=== Work required ===
Restate word for word the lines of the material below, from the line with "m e \<Longrightarrow>" to the line with "using inner_aut unfolding", both lines included, and no others.

(Supplied data)

(* Let $Q$ be an automorphic loop and for $x\in Q$ define $P_x=R_x^{-1}L_{x^{-1}}$ (equivalently $P_x=R_x^{-1}R_x^J$, where $R_x^J=J^{-1}R_xJ$ and $J$ is inversion). Then for all $a,b\in Q$ we have $P_aP_bP_a=P_c$ where $c=b\,L_{a^{-1}}^{-1}R_a$. Moreover, $P_a^n=P_{a^n}$ for all $a\in Q$ and all integers $n$.
   Context: A loop is a set with a binary operation in which left and right division are uniquely solvable and which has a neutral element $1$. $R_a:x\mapsto xa$, $L_a:x\mapsto ax$; $\mathrm{Mlt}(Q)=\langle R_x,L_x\mid x\in Q\rangle$; $\mathrm{Inn}(Q)$ is the stabilizer of $1$ in $\mathrm{Mlt}(Q)$. $Q$ is automorphic if $\mathrm{Inn}(Q)\le\mathrm{Aut}(Q)$. Automorphic loops are power-associative (each element generates a cyclic group), so $x^{-1}$ and $a^n$ are well defined; $J:x\mapsto x^{-1}$. Maps act on the right and are composed left to right: $x(fg)=(xf)g$, and $xf$ denotes the image of $x$ under $f$. *)

theory Defs
  imports Main
begin

definition loop :: "('a \<Rightarrow> 'a \<Rightarrow> 'a) \<Rightarrow> 'a \<Rightarrow> bool" where
  "loop m e \<longleftrightarrow>
     (\<forall>a b. \<exists>!x. m a x = b) \<and> (\<forall>a b. \<exists>!y. m y a = b) \<and>
     (\<forall>x. m e x = x \<and> m x e = x)"

definition Rt :: "('a \<Rightarrow> 'a \<Rightarrow> 'a) \<Rightarrow> 'a \<Rightarrow> 'a \<Rightarrow> 'a" where
  "Rt m a = (\<lambda>x. m x a)"

definition Lt :: "('a \<Rightarrow> 'a \<Rightarrow> 'a) \<Rightarrow> 'a \<Rightarrow> 'a \<Rightarrow> 'a" where
  "Lt m a = (\<lambda>x. m a x)"

inductive_set Mlt :: "('a \<Rightarrow> 'a \<Rightarrow> 'a) \<Rightarrow> ('a \<Rightarrow> 'a) set" for m where
  Mlt_id: "id \<in> Mlt m"
| Mlt_R: "f \<in> Mlt m \<Longrightarrow> Rt m x \<circ> f \<in> Mlt m"
| Mlt_Rinv: "f \<in> Mlt m \<Longrightarrow> inv (Rt m x) \<circ> f \<in> Mlt m"
| Mlt_L: "f \<in> Mlt m \<Longrightarrow> Lt m x \<circ> f \<in> Mlt m"
| Mlt_Linv: "f \<in> Mlt m \<Longrightarrow> inv (Lt m x) \<circ> f \<in> Mlt m"

definition Inn :: "('a \<Rightarrow> 'a \<Rightarrow> 'a) \<Rightarrow> 'a \<Rightarrow> ('a \<Rightarrow> 'a) set" where
  "Inn m e = {f \<in> Mlt m. f e = e}"

definition is_aut :: "('a \<Rightarrow> 'a \<Rightarrow> 'a) \<Rightarrow> ('a \<Rightarrow> 'a) \<Rightarrow> bool" where
  "is_aut m f \<longleftrightarrow> bij f \<and> (\<forall>x y. f (m x y) = m (f x) (f y))"

definition automorphic_loop :: "('a \<Rightarrow> 'a \<Rightarrow> 'a) \<Rightarrow> 'a \<Rightarrow> bool" where
  "automorphic_loop m e \<longleftrightarrow> loop m e \<and> (\<forall>f \<in> Inn m e. is_aut m f)"

text \<open>Inverse x^{-1} (taken as the right inverse; two-sided in automorphic loops).\<close>
definition loop_inv :: "('a \<Rightarrow> 'a \<Rightarrow> 'a) \<Rightarrow> 'a \<Rightarrow> 'a \<Rightarrow> 'a" where
  "loop_inv m e x = (THE y. m x y = e)"

primrec npow :: "('a \<Rightarrow> 'a \<Rightarrow> 'a) \<Rightarrow> 'a \<Rightarrow> 'a \<Rightarrow> nat \<Rightarrow> 'a" where
  "npow m e a 0 = e"
| "npow m e a (Suc n) = m (npow m e a n) a"

definition ipow :: "('a \<Rightarrow> 'a \<Rightarrow> 'a) \<Rightarrow> 'a \<Rightarrow> 'a \<Rightarrow> int \<Rightarrow> 'a" where
  "ipow m e a n = (if 0 \<le> n then npow m e a (nat n) else npow m e (loop_inv m e a) (nat (- n)))"

text \<open>P_x = R_x^{-1} L_{x^{-1}} (maps act on the right, composed left to right),
  i.e. as a function: apply R_x^{-1} first, then L_{x^{-1}}.\<close>
definition Pmap :: "('a \<Rightarrow> 'a \<Rightarrow> 'a) \<Rightarrow> 'a \<Rightarrow> 'a \<Rightarrow> 'a \<Rightarrow> 'a" where
  "Pmap m e x = Lt m (loop_inv m e x) \<circ> inv (Rt m x)"

definition fpow :: "('a \<Rightarrow> 'a) \<Rightarrow> int \<Rightarrow> 'a \<Rightarrow> 'a" where
  "fpow f n = (if 0 \<le> n then f ^^ nat n else inv f ^^ nat (- n))"

end

theory Submission
  imports Defs
begin

text \<open>Inner mappings of an automorphic loop are automorphisms and therefore commute with the
inversion J. Evaluating a few inner mappings at well-chosen points, namely
z |-> x\z x, z |-> x (x^-1 z), z |-> x (z x^-1), z |-> (xy)\(x(yz)) and z |-> (z/c)/c^-1,
gives the antiautomorphic inverse property (xy)^-1 = y^-1 x^-1. With it, every g in Mlt(Q)
satisfies g^-1 J g J = P_(1g) (maps acting on the right): write g = h R_(1g) with h inner.
Taking g = R_b L_(a^-1)^-1 R_a gives P_a P_b P_a = P_c, taking g = L_(a^-1) gives
P_a^-1 = P_(a^-1), and the power formula follows by induction in steps of two, because
a^-1 \ a^k = a^(k+1): inner mappings fixing a fix all powers of a.\<close>

locale loop_ops =
  fixes m :: "'a \<Rightarrow> 'a \<Rightarrow> 'a" (infixl "\<cdot>" 70) and e :: 'a
  assumes loop: "loop m e"
begin

abbreviation ldiv :: "'a \<Rightarrow> 'a \<Rightarrow> 'a" (infixl "\<setminus>" 70)
  where "a \<setminus> b \<equiv> inv (Lt m a) b"

abbreviation rdiv :: "'a \<Rightarrow> 'a \<Rightarrow> 'a" (infixl "\<sslash>" 70)
  where "b \<sslash> a \<equiv> inv (Rt m a) b"

abbreviation J :: "'a \<Rightarrow> 'a" where "J \<equiv> loop_inv m e"

lemma bij_Lt: "bij (Lt m a)"
proof -
  have "\<exists>!x. a \<cdot> x = b" for b using loop unfolding loop_def by blast
  then show ?thesis unfolding bij_iff Lt_def by simp
qed

lemma bij_Rt: "bij (Rt m a)"
proof -
  have "\<exists>!y. y \<cdot> a = b" for b using loop unfolding loop_def by blast
  then show ?thesis unfolding bij_iff Rt_def by simp
qed

lemma Lt_apply [simp]: "Lt m a x = a \<cdot> x"
  by (simp add: Lt_def)

lemma Rt_apply [simp]: "Rt m a x = x \<cdot> a"
  by (simp add: Rt_def)

lemma ldiv_mult [simp]: "a \<setminus> (a \<cdot> x) = x"
  using inv_f_f[OF bij_is_inj[OF bij_Lt]] by simp

lemma mult_ldiv [simp]: "a \<cdot> (a \<setminus> b) = b"
  using surj_f_inv_f[OF bij_is_surj[OF bij_Lt]] by simp

lemma rdiv_mult [simp]: "(y \<cdot> a) \<sslash> a = y"
  using inv_f_f[OF bij_is_inj[OF bij_Rt]] by simp

lemma mult_rdiv [simp]: "(b \<sslash> a) \<cdot> a = b"
  using surj_f_inv_f[OF bij_is_surj[OF bij_Rt]] by simp

lemma e_mult [simp]: "e \<cdot> x = x" and mult_e [simp]: "x \<cdot> e = x"
  using loop unfolding loop_def by blast+

lemma ldiv_eqI: "a \<cdot> x = b \<Longrightarrow> a \<setminus> b = x"
  by auto

lemma ldiv_self [simp]: "a \<setminus> a = e"
  using ldiv_mult[of a e] by simp

lemma rdiv_e_right [simp]: "a \<sslash> e = a"
  by (metis mult_e rdiv_mult)

lemma rdiv_self [simp]: "a \<sslash> a = e"
  by (metis e_mult rdiv_mult)

lemma mult_J [simp]: "x \<cdot> J x = e"
proof -
  have "\<exists>!y. x \<cdot> y = e" using loop unfolding loop_def by blast
  then show ?thesis unfolding loop_inv_def by (rule theI')
qed

lemma J_eqI: "x \<cdot> y = e \<Longrightarrow> J x = y"
  using ldiv_mult mult_J by metis

lemma J_e [simp]: "J e = e"
  by (rule J_eqI) simp

lemma ldiv_e [simp]: "a \<setminus> e = J a"
  using ldiv_mult[of a "J a"] by simp

lemma bij_Mlt: "f \<in> Mlt m \<Longrightarrow> bij f"
  by (induction rule: Mlt.induct) (blast intro: bij_id bij_comp bij_Lt bij_Rt bij_imp_bij_inv)+

end

locale automorphic = loop_ops +
  assumes inner_aut: "f \<in> Inn m e \<Longrightarrow> is_aut m f"
begin

lemma inner_mult: "f \<in> Mlt m \<Longrightarrow> f e = e \<Longrightarrow> f (x \<cdot> y) = f x \<cdot> f y"
  using inner_aut unfolding Inn_def is_aut_def by blast

lemma inner_J: "f \<in> Mlt m \<Longrightarrow> f e = e \<Longrightarrow> f (J x) = J (f x)"
  using inner_mult[of f x "J x"] by (metis J_eqI mult_J)

lemma J_mult_self [simp]: "J x \<cdot> x = e"
proof -
  let ?T = "inv (Lt m x) \<circ> (Rt m x \<circ> id)"
  have "?T \<in> Mlt m" by (intro Mlt.intros)
  moreover have "?T e = e" by simp
  ultimately have "?T (J x) = J (?T x)" by (rule inner_J)
  then have "x \<setminus> (J x \<cdot> x) = x \<setminus> (x \<cdot> J x)" by simp
  then show ?thesis by (metis mult_J mult_ldiv)
qed

lemma J_J [simp]: "J (J x) = x"
  by (rule J_eqI) simp

lemma rdiv_e [simp]: "e \<sslash> a = J a"
  by (metis J_mult_self e_mult rdiv_mult)

lemma flexible: "(x \<cdot> y) \<cdot> x = x \<cdot> (y \<cdot> x)"
proof -
  let ?T = "inv (Lt m x) \<circ> (Rt m x \<circ> id)"
  have "?T \<in> Mlt m" by (intro Mlt.intros)
  moreover have "?T e = e" by simp
  ultimately have "?T (x \<cdot> y) = ?T x \<cdot> ?T y" by (rule inner_mult)
  then have "x \<setminus> ((x \<cdot> y) \<cdot> x) = y \<cdot> x" by simp
  then show ?thesis by (metis mult_ldiv)
qed

lemma ldiv_mult_right: "a \<setminus> (w \<cdot> a) = (a \<setminus> w) \<cdot> a"
  by (metis flexible ldiv_mult mult_ldiv)

lemma mult_J_left_commute: "x \<cdot> (J x \<cdot> z) = J x \<cdot> (x \<cdot> z)"
proof -
  let ?K = "Lt m x \<circ> (Lt m (J x) \<circ> id)"
  have "?K \<in> Mlt m" by (intro Mlt.intros)
  moreover have "?K e = e" by simp
  ultimately have "?K (x \<cdot> z) = ?K x \<cdot> ?K z" by (rule inner_mult)
  then have "x \<cdot> (J x \<cdot> (x \<cdot> z)) = x \<cdot> (x \<cdot> (J x \<cdot> z))" by simp
  then show ?thesis by (metis ldiv_mult)
qed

(End Supplied data)

=== Answer section ===
  assumes inner_aut: "f \<in> Inn m e \<Longrightarrow> is_aut m f"
begin

lemma inner_mult: "f \<in> Mlt m \<Longrightarrow> f e = e \<Longrightarrow> f (x \<cdot> y) = f x \<cdot> f y"
  using inner_aut unfolding Inn_def is_aut_def by blast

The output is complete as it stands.